And So It Begins November 24th 2023


     It's the start of the season.  The Happy Season.   My favourite season.   I love the lights, the music, the food,  my wife's home made egg nog.  I love the first Christmas story.  I love Christmas movies like Scrooge, Home Alone, Last Christmas.  I even love some of the Harlequin formula movies...... one of them features my cousin's daughter Tess.  I love fruit cake.  I love the dickens out of Christmas.  I love the Dicken's Christmas for that matter.  I think I have made my point 

   And then there is the other side:   The season of too much.  The season of too expensive.  The season of expectation that inevitably has some kind of let down at some point.  The season of togetherness that is oh so lonely for so many.   And seriously?  I know all those things about Christmas.  But the Happy Season trumps all of them.   I spent a couple of Christmases alone.  Working.   Serving those who were having an unhappy Christmas.   Even in those circumstances,  I found something beautiful in the season.   I have stories about some of those nights. ..... but they are for another time.  This Christmas has its own set of highs and lows.  Problems and solutions.  And unlike just about nothing I have ever done before,  I want to live in the present.

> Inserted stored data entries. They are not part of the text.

lemma has_derivative_increment_bound:
  fixes gr :: "'a::real_normed_vector \<Rightarrow> 'b::real_normed_vector"
  assumes dH: "(gr has_derivative H) (at x)" and \<eta>: "0 < \<eta>"
  obtains d where "0 < d" "\<And>a b :: 'a. norm a < d \<Longrightarrow> norm b < d \<Longrightarrow>
    norm (gr (x + a) - gr (x + b) - H (a - b)) \<le> \<eta> * (norm a + norm b)"
proof -
  interpret H: bounded_linear H using dH by (rule has_derivative_bounded_linear)
  obtain d where d: "0 < d"
    "\<And>y. norm (y - x) < d \<Longrightarrow> norm (gr y - gr x - H (y - x)) \<le> \<eta> * norm (y - x)"
    using dH \<eta> unfolding has_derivative_at_alt by blast
  show ?thesis
  proof (rule that[OF d(1)])
    fix a b :: 'a assume "norm a < d" "norm b < d"
    then have "norm (gr (x + a) - gr x - H a) \<le> \<eta> * norm a" "norm (gr (x + b) - gr x - H b) \<le> \<eta> * norm b"
      using d(2)[of "x + a"] d(2)[of "x + b"] by simp_all
    moreover have "gr (x + a) - gr (x + b) - H (a - b) = (gr (x + a) - gr x - H a) - (gr (x + b) - gr x - H b)"
      by (simp add: H.diff)
    then have "norm (gr (x + a) - gr (x + b) - H (a - b))
        \<le> norm (gr (x + a) - gr x - H a) + norm (gr (x + b) - gr x - H b)"
      by (metis norm_triangle_ineq4)
    ultimately show "norm (gr (x + a) - gr (x + b) - H (a - b)) \<le> \<eta> * (norm a + norm b)"
      by (simp add: distrib_left)
  qed
qed

lemma second_difference_approx:
  fixes g :: "'a::real_inner \<Rightarrow> real"
  assumes S: "open S" "x \<in> S"
    and dg: "\<And>z. z \<in> S \<Longrightarrow> (g has_derivative (\<lambda>h. gr z \<bullet> h)) (at z)"
    and dH: "(gr has_derivative H) (at x)" and \<eta>: "0 < \<eta>"
  obtains \<delta> where "0 < \<delta>" "\<And>t. 0 < t \<Longrightarrow> t < \<delta> \<Longrightarrow>
     \<bar>g (x + t *\<^sub>R u + t *\<^sub>R v) - g (x + t *\<^sub>R u) - g (x + t *\<^sub>R v) + g x - t\<^sup>2 * (H u \<bullet> v)\<bar>
       \<le> \<eta> * t\<^sup>2 * ((norm u + 2 * norm v) * norm v)"
proof -
  interpret H: bounded_linear H using dH by (rule has_derivative_bounded_linear)
  obtain d where d: "0 < d" "\<And>a b. norm a < d \<Longrightarrow> norm b < d \<Longrightarrow>
      norm (gr (x + a) - gr (x + b) - H (a - b)) \<le> \<eta> * (norm a + norm b)"
    using has_derivative_increment_bound[OF dH \<eta>] by blast
  obtain r where r: "0 < r" "ball x r \<subseteq> S" using S open_contains_ball by blast
  define \<delta> where "\<delta> = min d r / (norm u + norm v + 1)"
  have nuv: "0 < norm u + norm v + 1" by (simp add: add_nonneg_pos)
  show ?thesis
  proof (rule that)
    show "0 < \<delta>" using d r nuv unfolding \<delta>_def by simp
    fix t :: real assume t: "0 < t" "t < \<delta>"
    have "t * (norm u + norm v) < \<delta> * (norm u + norm v + 1)"
      using t by (intro mult_strict_mono') auto
    then have tuv: "t * (norm u + norm v) < min d r" unfolding \<delta>_def using nuv by simp
    then obtain \<xi> where \<xi>: "0 < \<xi>" "\<xi> < t" and mv:
        "g (x + t *\<^sub>R u + t *\<^sub>R v) - g (x + t *\<^sub>R u) - g (x + t *\<^sub>R v) + g x
           = t * ((gr (x + t *\<^sub>R u + \<xi> *\<^sub>R v) - gr (x + \<xi> *\<^sub>R v)) \<bullet> v)"
      using second_difference_mean_value[where S=S and g=g and gr=gr, OF dg r(2) t(1)] by auto
    define e where "e = gr (x + (t *\<^sub>R u + \<xi> *\<^sub>R v)) - gr (x + \<xi> *\<^sub>R v) - H (t *\<^sub>R u + \<xi> *\<^sub>R v - \<xi> *\<^sub>R v)"
    have "norm e \<le> \<eta> * (t * norm u + \<xi> * norm v + \<xi> * norm v)"
      using d(2)[of "t *\<^sub>R u + \<xi> *\<^sub>R v" "\<xi> *\<^sub>R v"] norm_scaleR_add_le[of t t \<xi> u v]
        norm_scaleR_add_le[of 0 t \<xi> u v] norm_triangle_ineq[of "t *\<^sub>R u" "\<xi> *\<^sub>R v"] tuv \<xi> t \<eta>
      unfolding e_def by (fastforce intro: order_trans mult_left_mono)
    also have "\<dots> \<le> \<eta> * t * (norm u + 2 * norm v)"
      using \<xi> \<eta> mult_right_mono[of \<xi> t "norm v"] by (simp add: algebra_simps mult_left_mono)
    finally have ne: "norm e \<le> \<eta> * t * (norm u + 2 * norm v)" .
    have "g (x + t *\<^sub>R u + t *\<^sub>R v) - g (x + t *\<^sub>R u) - g (x + t *\<^sub>R v) + g x - t\<^sup>2 * (H u \<bullet> v)
        = t * (e \<bullet> v)"
      unfolding mv e_def by (simp add: H.scaleR inner_diff_left power2_eq_square add.assoc algebra_simps)
    also have "\<bar>\<dots>\<bar> \<le> t * (norm e * norm v)"
      using t by (simp add: abs_mult Cauchy_Schwarz_ineq2 mult_left_mono)
    also have "\<dots> \<le> t * (\<eta> * t * (norm u + 2 * norm v) * norm v)"
      using ne t by (intro mult_left_mono mult_right_mono) auto
    finally show "\<bar>g (x + t *\<^sub>R u + t *\<^sub>R v) - g (x + t *\<^sub>R u) - g (x + t *\<^sub>R v) + g x - t\<^sup>2 * (H u \<bullet> v)\<bar>
       \<le> \<eta> * t\<^sup>2 * ((norm u + 2 * norm v) * norm v)"
      by (simp add: power2_eq_square algebra_simps)
  qed
qed

lemma le_of_le_add_mult_epsilon:
  fixes a b C :: real
  assumes "0 \<le> C" and "\<And>\<eta>. 0 < \<eta> \<Longrightarrow> a \<le> b + \<eta> * C"
  shows "a \<le> b"
proof (rule field_le_epsilon)
  fix e :: real assume "0 < e"
  with assms(1) have "a \<le> b + e / (C + 1) * C" by (intro assms(2)) simp
  also have "e / (C + 1) * C \<le> e" using \<open>0 < e\<close> assms(1) by (simp add: field_simps)
  finally show "a \<le> b + e" by simp
qed

lemma second_derivative_symmetric:
  fixes g :: "'a::real_inner \<Rightarrow> real"
  assumes S: "open S" "x \<in> S"
    and dg: "\<And>z. z \<in> S \<Longrightarrow> (g has_derivative (\<lambda>h. gr z \<bullet> h)) (at z)"
    and dH: "(gr has_derivative H) (at x)"
  shows "H u \<bullet> v = H v \<bullet> u"
proof -
  define C where "C = (norm u + 2 * norm v) * norm v + (norm v + 2 * norm u) * norm u"
  have "\<bar>H u \<bullet> v - H v \<bullet> u\<bar> \<le> 0 + \<eta> * C" if \<eta>: "0 < \<eta>" for \<eta>
  proof -
    obtain d1 where d1: "0 < d1" "\<And>t. 0 < t \<Longrightarrow> t < d1 \<Longrightarrow>
       \<bar>g (x + t *\<^sub>R u + t *\<^sub>R v) - g (x + t *\<^sub>R u) - g (x + t *\<^sub>R v) + g x - t\<^sup>2 * (H u \<bullet> v)\<bar>
         \<le> \<eta> * t\<^sup>2 * ((norm u + 2 * norm v) * norm v)"
      using second_difference_approx[OF S dg dH \<eta>] by blast
    obtain d2 where d2: "0 < d2" "\<And>t. 0 < t \<Longrightarrow> t < d2 \<Longrightarrow>
       \<bar>g (x + t *\<^sub>R v + t *\<^sub>R u) - g (x + t *\<^sub>R v) - g (x + t *\<^sub>R u) + g x - t\<^sup>2 * (H v \<bullet> u)\<bar>
         \<le> \<eta> * t\<^sup>2 * ((norm v + 2 * norm u) * norm u)"
      using second_difference_approx[OF S dg dH \<eta>] by blast
    define t where "t = min d1 d2 / 2"
    have t: "0 < t" "t < d1" "t < d2" using d1 d2 unfolding t_def by auto
    define \<Delta> where "\<Delta> = g (x + t *\<^sub>R u + t *\<^sub>R v) - g (x + t *\<^sub>R u) - g (x + t *\<^sub>R v) + g x"
    have "t\<^sup>2 * \<bar>H u \<bullet> v - H v \<bullet> u\<bar> = \<bar>(\<Delta> - t\<^sup>2 * (H v \<bullet> u)) - (\<Delta> - t\<^sup>2 * (H u \<bullet> v))\<bar>"
    proof -
      have "(\<Delta> - t\<^sup>2 * (H v \<bullet> u)) - (\<Delta> - t\<^sup>2 * (H u \<bullet> v)) = t\<^sup>2 * (H u \<bullet> v - H v \<bullet> u)"
        by (simp add: algebra_simps)
      then show ?thesis by (simp add: abs_mult)
    qed
    also have "\<dots> \<le> \<bar>\<Delta> - t\<^sup>2 * (H v \<bullet> u)\<bar> + \<bar>\<Delta> - t\<^sup>2 * (H u \<bullet> v)\<bar>"
      by (rule abs_triangle_ineq4)
    also have "\<dots> \<le> t\<^sup>2 * (\<eta> * C)"
      using d1(2)[OF t(1,2)] d2(2)[OF t(1,3)] unfolding C_def \<Delta>_def
      by (simp add: algebra_simps add_ac)
    finally have "t\<^sup>2 * \<bar>H u \<bullet> v - H v \<bullet> u\<bar> \<le> t\<^sup>2 * (\<eta> * C)" .
    then show ?thesis using t by simp
  qed
  then have "\<bar>H u \<bullet> v - H v \<bullet> u\<bar> \<le> 0"
    by (rule le_of_le_add_mult_epsilon[rotated]) (auto simp: C_def)
  then show ?thesis by simp
qed

lemma norm_le_of_quadratic_form_bounds:
  fixes H :: "'a::real_inner \<Rightarrow> 'a"
  assumes lin: "linear H"
    and sym: "\<And>u v. H u \<bullet> v = H v \<bullet> u"
    and lo: "\<And>v. lo * (norm v)\<^sup>2 \<le> v \<bullet> H v" and hi: "\<And>v. v \<bullet> H v \<le> hi * (norm v)\<^sup>2"
  shows "norm (H v) \<le> max \<bar>lo\<bar> \<bar>hi\<bar> * norm v"
proof -
  interpret linear H by fact
  define D where "D = max \<bar>lo\<bar> \<bar>hi\<bar>"
  have quad: "\<bar>w \<bullet> H w\<bar> \<le> D * (norm w)\<^sup>2" for w
  proof -
    have "- D \<le> lo" "hi \<le> D" unfolding D_def by auto
    then have "- D * (norm w)\<^sup>2 \<le> lo * (norm w)\<^sup>2" "hi * (norm w)\<^sup>2 \<le> D * (norm w)\<^sup>2"
      by (intro mult_right_mono; simp)+
    then show ?thesis using lo[of w] hi[of w] by (simp add: abs_le_iff)
  qed
  have polarization: "4 * (u \<bullet> H w) = (u + w) \<bullet> H (u + w) - (u - w) \<bullet> H (u - w)" for u w
    using sym[of u w]
    by (simp add: add diff inner_add_left inner_add_right inner_diff_left inner_diff_right inner_commute)
  have bilinear_bound: "4 * (u \<bullet> H w) \<le> 2 * D * ((norm u)\<^sup>2 + (norm w)\<^sup>2)" for u w
  proof -
    have "4 * (u \<bullet> H w) \<le> D * (norm (u + w))\<^sup>2 + D * (norm (u - w))\<^sup>2"
      unfolding polarization using quad[of "u + w"] quad[of "u - w"] by linarith
    also have "\<dots> = 2 * D * ((norm u)\<^sup>2 + (norm w)\<^sup>2)"
      by (simp add: power2_norm_eq_inner inner_add_left inner_add_right inner_diff_left
          inner_diff_right inner_commute algebra_simps)
    finally show ?thesis .
  qed
  show ?thesis
  proof (cases "H v = 0")
    case False
    define u where "u = (norm v / norm (H v)) *\<^sub>R H v"
    have "norm u = norm v" "u \<bullet> H v = norm v * norm (H v)"
      using False unfolding u_def by (simp_all add: power2_norm_eq_inner[symmetric] power2_eq_square)
    then have "norm v * norm (H v) \<le> norm v * (D * norm v)"
      using bilinear_bound[of u v] by (simp add: power2_eq_square algebra_simps)
    moreover have "v \<noteq> 0" using False zero by auto
    ultimately show ?thesis unfolding D_def by simp
  qed (simp add: D_def)
qed

section \<open>Convexity and curvature\<close>

lemma strongly_convex_on_imp_above_tangent:
  fixes g :: "'a::real_inner \<Rightarrow> real"
  assumes sc: "strongly_convex_on S \<mu> g" and a: "a \<in> S" and b: "b \<in> S"
    and der: "(g has_derivative (\<lambda>h. gr \<bullet> h)) (at a)"
  shows "g a + gr \<bullet> (b - a) + \<mu> / 2 * (norm (b - a))\<^sup>2 \<le> g b"
proof -
  define r where "r = norm (b - a)"
  have "((\<lambda>t. g b - g a - \<mu> / 2 * (1 - t) * r\<^sup>2) \<longlongrightarrow> g b - g a - \<mu> / 2 * (1 - 0) * r\<^sup>2) (at_right 0)"
    by (intro tendsto_intros)
  moreover have "((\<lambda>t. (g (a + t *\<^sub>R (b - a)) - g (a + 0 *\<^sub>R (b - a))) / t) \<longlongrightarrow> gr \<bullet> (b - a)) (at_right 0)"
    by (rule right_difference_quotient_tendsto[OF has_real_derivative_along_line]) (simp add: der)
  moreover have "\<forall>\<^sub>F t in at_right 0. (g (a + t *\<^sub>R (b - a)) - g (a + 0 *\<^sub>R (b - a))) / t
      \<le> g b - g a - \<mu> / 2 * (1 - t) * r\<^sup>2"
    using eventually_at_right_real[OF zero_less_one]
  proof eventually_elim
    case (elim t)
    then have "g ((1 - t) *\<^sub>R a + t *\<^sub>R b) \<le> (1 - t) * g a + t * g b - \<mu> / 2 * t * (1 - t) * r\<^sup>2"
      using sc a b unfolding strongly_convex_on_def r_def by (auto simp: norm_minus_commute)
    moreover have "(1 - t) *\<^sub>R a + t *\<^sub>R b = a + t *\<^sub>R (b - a)" by (simp add: algebra_simps)
    ultimately show ?case using elim by (simp add: field_simps)
  qed
  ultimately have "gr \<bullet> (b - a) \<le> g b - g a - \<mu> / 2 * r\<^sup>2"
    by (intro tendsto_le[OF trivial_limit_at_right_real]) simp_all
  then show ?thesis unfolding r_def by simp
qed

    We live in a most unhappy universe these days.  We got through a Pandemic.  A pandemic that claimed so many lives.  Lives of people like me who are seniors.  People (again like me) with compromised immune systems.  A pandemic that somehow became a political football.  That turned anyone with a computer  and without a lab into some kind of medical science expert.   A pandemic broke up families and made neighbours strangers.  That bankrupt some businesses while others made out like bandits.   A pandemic that has had its effects on so many who were shut in without supports or company for a very very long time.  I am afraid the pandemic has left us all angry.   It has left us all pointing fingers at one another.  And the anger has spread into issues that has polarized just about everything in our society.  Thank heavens for people who aren't politically motivated.  For people who aren't frightened of those without.  Those who live Christmas every day.  

   My family, of whom I am so absolutely proud, has lived the Christmas spirit for months on end this year.  I am never sure exactly what I am allowed to say on this topic.  What is an intrusion on what is not my story to tell.   But I do want to share some things that delight me and disappoint me.  So here goes.

    I have two new grand children.  Two beautiful foster children that were turned over to my Daughter and son in law last March.  Turned over only hours after Social Services contacted my family.  Without record checks or home inspections.   Those things have since been done.    But dealing with Social Services has been an eye opener.  It is a constant fight that has placed my Children in a roll where they are protecting these children from a system.  A system that is so broken.   In spite of the failures of this system,  I have watched these two new little people grow in so many ways.   Just like the rest of my family,  I have grown to love them like our own.  I love to feed them,  to hold them to watch them play.  And I am so in awe of my daughter, my son in law, and their siblings who have supported them in the most basic and necessary ways.   

   It is very easy to blame the government for everything.   Either government really.  But there comes a time one has to realize that the government is the people.  In order to perpetuate itself,  a government as often as not has to cater to the wants of the people.  Doesn't matter if it is beneficial near as much as if it's popular.   And like my old friend Roy used to say:  Every time you point a finger,  there are three pointing back at you.   And from the realization that the government is giving us what they think we want,  I have come to a sobering conclusion.

   Our governments will always cater to those who vote.  People with a fixed address.  People with a middle class income or higher.  People who can pay for groceries, and mortgages, and rent, and warm clothes,  and transportation.   People who become upset when they can pay for all those things but may not have money for  vacations and treats and dinners and movies and the good scotches.    Those on the street with mental health issues, addiction issues, who have been brought into the world without the support of a family in a warm house with a stocked fridge?  Those people don't get to the polls.  They don't phone in talk shows.  And as a result,  the needs of those in need will likely never be addressed by those we elect.   

    Jesus never ran for an office.  I don't know if Jesus ever celebrated Christmas.   He didn't bring positive economic results to the merchants, and wealthy.  He concentrated on those who didn't have,  well,  jobs or food, or medical care.  He instructed those who adored him to give all they own to the poor and to follow him.   He was a carpenter in early life but he gave up his job and lived off the generosity of those who followed him.   He was a king who didn't live like one.  And in the end,  where did that get him?

    This week is the kickoff to the Holiday Season.  For me it's the Christmas season,  but I really am not offended if we use an inclusive term like Holiday season.   Because of my Christian upbringing, it feels good to throw a loony in the Sally Ann kettle.  To drop a toy in the community giving box.  To share something with the food bank.  I don't know if I have the warewithall to provide the real gift.  The gift of a visit.  The gift of inclusion.  The gift of time.   And in reality,  what could be more important that actually providing some company to someone who is alone?   I guess you could say I am not my children.   Yup.  We are at that point in our lives where the children become the example.    Merry Christmas,  Season's Greetings,  Happy Holidays.   And so it begins.